__WHAT THE TASK ASKS__
Copy nothing but the lines below running from the line containing "f = (\<Sum>b\<in>Basis." through the line containing "using less.prems(2) unfolding", both end lines included.

__PROVIDED ENTRIES__
..............................

text \<open>The kernel is \<open>Q = exp Z\<close> with \<open>Z\<close> affine in the \<open>x k\<close> and \<open>y k\<close> apart from the
  exponentials \<open>e^(x k - y k)\<close> and \<open>e^(y k - x (k + 1))\<close>. Hence a momentum \<open>p k\<close> acting on \<open>Q\<close>
  in \<open>x k\<close>, or moved onto \<open>Q\<close> from \<open>f\<close> in \<open>y k\<close> by integration by parts (the boundary terms
  vanish since \<open>Q\<close> decays doubly exponentially in \<open>y k\<close>), becomes multiplication by a function of
  \<open>x\<close> and \<open>y\<close>. Under the integral, \<open>A_N(u) Q = Q P_N\<close> and \<open>Q A_(N-1)(u) = Q T_(N-1)\<close>, where
  \<open>P_n\<close> and \<open>T_n\<close> are continuants in \<open>\<alpha> k = \<i> e^(x k - y k)\<close> and \<open>\<beta> k = \<i> e^(y k - x (k + 1))\<close>:
  the potentials factor as \<open>e^(x k - x (k + 1)) = - \<alpha> k \<beta> k\<close> and
  \<open>e^(y k - y (k + 1)) = - \<beta> k \<alpha> (k + 1)\<close>. Finally \<open>P_n = T_n - \<beta> n T_(n-1)\<close>, and
  \<open>\<alpha> N = \<beta> N = 0\<close> gives \<open>P_N = (u - v) T_(N-1)\<close>.\<close>

section \<open>Analysis on lines and on products of lines\<close>

lemma integral_lborel_derivative_eq_0:
  fixes f F :: "real \<Rightarrow> 'a::euclidean_space"
  assumes "\<And>t. (F has_vector_derivative f t) (at t)"
    and "continuous_on UNIV f" "integrable lborel f"
    and "(F \<longlongrightarrow> 0) at_top" "(F \<longlongrightarrow> 0) at_bot"
  shows "integral\<^sup>L lborel f = 0"
proof -
  have "(LBINT t=-\<infinity>..\<infinity>. f t) = 0 - 0"
    by (rule interval_integral_FTC_integrable)
      (use assms in \<open>auto simp: ereal_tendsto_simps1 set_integrable_def continuous_on_eq_continuous_at\<close>)
  then show ?thesis
    by (simp add: interval_lebesgue_integral_def set_lebesgue_integral_def)
qed

lemma has_vector_derivative_iff_difference_quotient:
  fixes F :: "real \<Rightarrow> 'a::real_normed_vector"
  shows "(F has_vector_derivative D) (at t) \<longleftrightarrow>
    ((\<lambda>s. inverse (s - t) *\<^sub>R (F s - F t)) \<longlongrightarrow> D) (at t)"
proof -
  have "norm (F s - F t - (s - t) *\<^sub>R D) / norm (s - t) = norm (inverse (s - t) *\<^sub>R (F s - F t) - D)"
    if "s \<noteq> t" for s
  proof -
    have "inverse (s - t) *\<^sub>R (F s - F t) - D = inverse (s - t) *\<^sub>R (F s - F t - (s - t) *\<^sub>R D)"
      using that by (simp add: scaleR_diff_right)
    then show ?thesis by (simp add: divide_inverse_commute)
  qed
  then have "((\<lambda>s. norm (F s - F t - (s - t) *\<^sub>R D) / norm (s - t)) \<longlongrightarrow> 0) (at t) \<longleftrightarrow>
      ((\<lambda>s. norm (inverse (s - t) *\<^sub>R (F s - F t) - D)) \<longlongrightarrow> 0) (at t)"
    by (intro tendsto_cong) (auto simp: eventually_at_filter)
  then show ?thesis
    by (simp add: has_vector_derivative_def has_derivative_iff_norm bounded_linear_scaleR_left
        tendsto_norm_zero_iff LIM_zero_iff)
qed
lemma trace_map_dual_system:
  fixes q :: "'a::euclidean_space \<Rightarrow> 'a \<Rightarrow> real"
  assumes q: "bilinear q" and V: "finite V" "\<And>y. y \<in> span V"
    and dual: "\<And>v w. v \<in> V \<Longrightarrow> w \<in> V \<Longrightarrow> q v (d w) = (if v = w then 1 else 0)"
    and f: "linear f"
  shows "trace_map f = (\<Sum>v\<in>V. q (f v) (d v))"
proof -
  have "trace_map f = (\<Sum>b\<in>Basis. f (\<Sum>v\<in>V. q b (d v) *\<^sub>R v) \<bullet> b)"
    unfolding trace_map_def using dual_system_coordinates[OF q V(1) V(2) dual] by metis
  also have "\<dots> = (\<Sum>v\<in>V. \<Sum>b\<in>Basis. q b (d v) * (f v \<bullet> b))"
    by (simp add: linear_sum[OF f] linear_scale[OF f] inner_sum_left sum.swap[of _ Basis])
  also have "\<dots> = (\<Sum>v\<in>V. q (\<Sum>b\<in>Basis. (f v \<bullet> b) *\<^sub>R b) (d v))"
    by (simp add: bilinear_sum_left[OF q] bilinear_lmul[OF q] mult.commute)
  also have "\<dots> = (\<Sum>v\<in>V. q (f v) (d v))"
    by (simp add: euclidean_representation)
  finally show ?thesis .
qed

lemma positive_form_orthonormal_basis:
  fixes q :: "'a::euclidean_space \<Rightarrow> 'a \<Rightarrow> real"
  assumes q: "bilinear q" "\<And>x y. q x y = q y x"
    and E: "subspace E" "\<And>v. v \<in> E \<Longrightarrow> v \<noteq> 0 \<Longrightarrow> q v v > 0"
  obtains B where "finite B" "B \<subseteq> E" "E \<subseteq> span B"
    "\<forall>x\<in>B. \<forall>y\<in>B. q x y = (if x = y then 1 else 0)"
  using E
proof (induction "dim E" arbitrary: E thesis rule: less_induct)
  case less
  show ?case
  proof (cases "E \<subseteq> {0}")
    case True
    then show ?thesis by (intro less.prems(1)[of "{}"]) auto
  next
    case False
    then obtain v where v: "v \<in> E" "v \<noteq> 0" by auto
    define v' where "v' = (1 / sqrt (q v v)) *\<^sub>R v"
    have v'E: "v' \<in> E" using less.prems(2) v(1) by (simp add: v'_def subspace_scale)
    have qv': "q v' v' = 1"
      using less.prems(3)[OF v]
      by (simp add: v'_def bilinear_lmul[OF q(1)] bilinear_rmul[OF q(1)] real_sqrt_mult[symmetric])
    define E' where "E' = {y \<in> E. q v' y = 0}"
    have E': "subspace E'"
      using less.prems(2) unfolding E'_def subspace_def
      by (auto simp: bilinear_radd[OF q(1)] bilinear_rmul[OF q(1)] bilinear_rzero[OF q(1)])
    have "v' \<notin> E'" using qv' by (simp add: E'_def)
    then have "E' \<subset> E" using v'E by (auto simp: E'_def)
    then have "dim E' < dim E"
      using E' less.prems(2) by (intro dim_psubset) (simp add: span_eq_iff[THEN iffD2])
    then obtain B' where B': "finite B'" "B' \<subseteq> E'" "E' \<subseteq> span B'"
      "\<forall>x\<in>B'. \<forall>y\<in>B'. q x y = (if x = y then 1 else 0)"
      using less.hyps[of E'] E' less.prems(3) by (auto simp: E'_def)
    have "y \<in> span (insert v' B')" if "y \<in> E" for y
    proof -
      have "y - q v' y *\<^sub>R v' \<in> E'"
        using that v'E less.prems(2) qv'
        by (simp add: E'_def subspace_diff subspace_scale bilinear_rsub[OF q(1)] bilinear_rmul[OF q(1)])
      then have "y - q v' y *\<^sub>R v' \<in> span (insert v' B')"
        using B'(3) span_mono[of B' "insert v' B'"] by auto
      then have "(y - q v' y *\<^sub>R v') + q v' y *\<^sub>R v' \<in> span (insert v' B')"
        by (rule span_add) (simp add: span_base span_scale)
      then show ?thesis by simp
    qed
    moreover have "\<forall>x\<in>insert v' B'. \<forall>y\<in>insert v' B'. q x y = (if x = y then 1 else 0)"
      using B'(2,4) qv' q(2) by (auto simp: E'_def)
    ultimately show ?thesis
      using B'(1,2) v'E by (intro less.prems(1)[of "insert v' B'"]) (auto simp: E'_def)
  qed
qed

lemma abelian_if_solvable_commutator_perfect:
  fixes br :: "'a::euclidean_space \<Rightarrow> 'a \<Rightarrow> 'a"
  defines "D \<equiv> derived_series br (Suc 0)"
  assumes solvable: "solvable_lie br"
    and perfect: "D \<subseteq> span {br x y | x y. x \<in> D \<and> y \<in> D}"
  shows "abelian_lie br"
proof -
  have stable: "derived_series br (Suc k) = D" for k
  proof (induction k)
    case (Suc k)
    have "span {br x y | x y. x \<in> D \<and> y \<in> D} \<subseteq> D"
      unfolding D_def by (intro span_minimal) (auto intro: span_base)
    then show ?case using Suc perfect by (simp add: D_def)
  qed (simp add: D_def)
  obtain k where "derived_series br k = {0}"
    using solvable by (auto simp: solvable_lie_def)
  then have "D = {0} \<or> (UNIV :: 'a set) = {0}"
    using stable by (cases k) auto
  moreover have "br x y \<in> D" for x y
    by (auto simp: D_def intro: span_base)
  ultimately show ?thesis
    by (auto simp: abelian_lie_def)
qed

locale nondegenerate_form =
  fixes sp :: "'a::euclidean_space \<Rightarrow> 'a \<Rightarrow> real"
  assumes scalar_product: "lie_scalar_product sp"
begin

lemma sp_bilinear: "bilinear sp"
  using scalar_product by (simp add: lie_scalar_product_def)

lemma sp_sym: "sp x y = sp y x"
  using scalar_product by (simp add: lie_scalar_product_def)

..............................

__SOLUTION TO THE PROBLEM__
  have "trace_map f = (\<Sum>b\<in>Basis. f (\<Sum>v\<in>V. q b (d v) *\<^sub>R v) \<bullet> b)"
    unfolding trace_map_def using dual_system_coordinates[OF q V(1) V(2) dual] by metis
  also have "\<dots> = (\<Sum>v\<in>V. \<Sum>b\<in>Basis. q b (d v) * (f v \<bullet> b))"
    by (simp add: linear_sum[OF f] linear_scale[OF f] inner_sum_left sum.swap[of _ Basis])
  also have "\<dots> = (\<Sum>v\<in>V. q (\<Sum>b\<in>Basis. (f v \<bullet> b) *\<^sub>R b) (d v))"
    by (simp add: bilinear_sum_left[OF q] bilinear_lmul[OF q] mult.commute)
  also have "\<dots> = (\<Sum>v\<in>V. q (f v) (d v))"
    by (simp add: euclidean_representation)
  finally show ?thesis .
qed

lemma positive_form_orthonormal_basis:
  fixes q :: "'a::euclidean_space \<Rightarrow> 'a \<Rightarrow> real"
  assumes q: "bilinear q" "\<And>x y. q x y = q y x"
    and E: "subspace E" "\<And>v. v \<in> E \<Longrightarrow> v \<noteq> 0 \<Longrightarrow> q v v > 0"
  obtains B where "finite B" "B \<subseteq> E" "E \<subseteq> span B"
    "\<forall>x\<in>B. \<forall>y\<in>B. q x y = (if x = y then 1 else 0)"
  using E
proof (induction "dim E" arbitrary: E thesis rule: less_induct)
  case less
  show ?case
  proof (cases "E \<subseteq> {0}")
    case True
    then show ?thesis by (intro less.prems(1)[of "{}"]) auto
  next
    case False
    then obtain v where v: "v \<in> E" "v \<noteq> 0" by auto
    define v' where "v' = (1 / sqrt (q v v)) *\<^sub>R v"
    have v'E: "v' \<in> E" using less.prems(2) v(1) by (simp add: v'_def subspace_scale)
    have qv': "q v' v' = 1"
      using less.prems(3)[OF v]
      by (simp add: v'_def bilinear_lmul[OF q(1)] bilinear_rmul[OF q(1)] real_sqrt_mult[symmetric])
    define E' where "E' = {y \<in> E. q v' y = 0}"
    have E': "subspace E'"
      using less.prems(2) unfolding E'_def subspace_def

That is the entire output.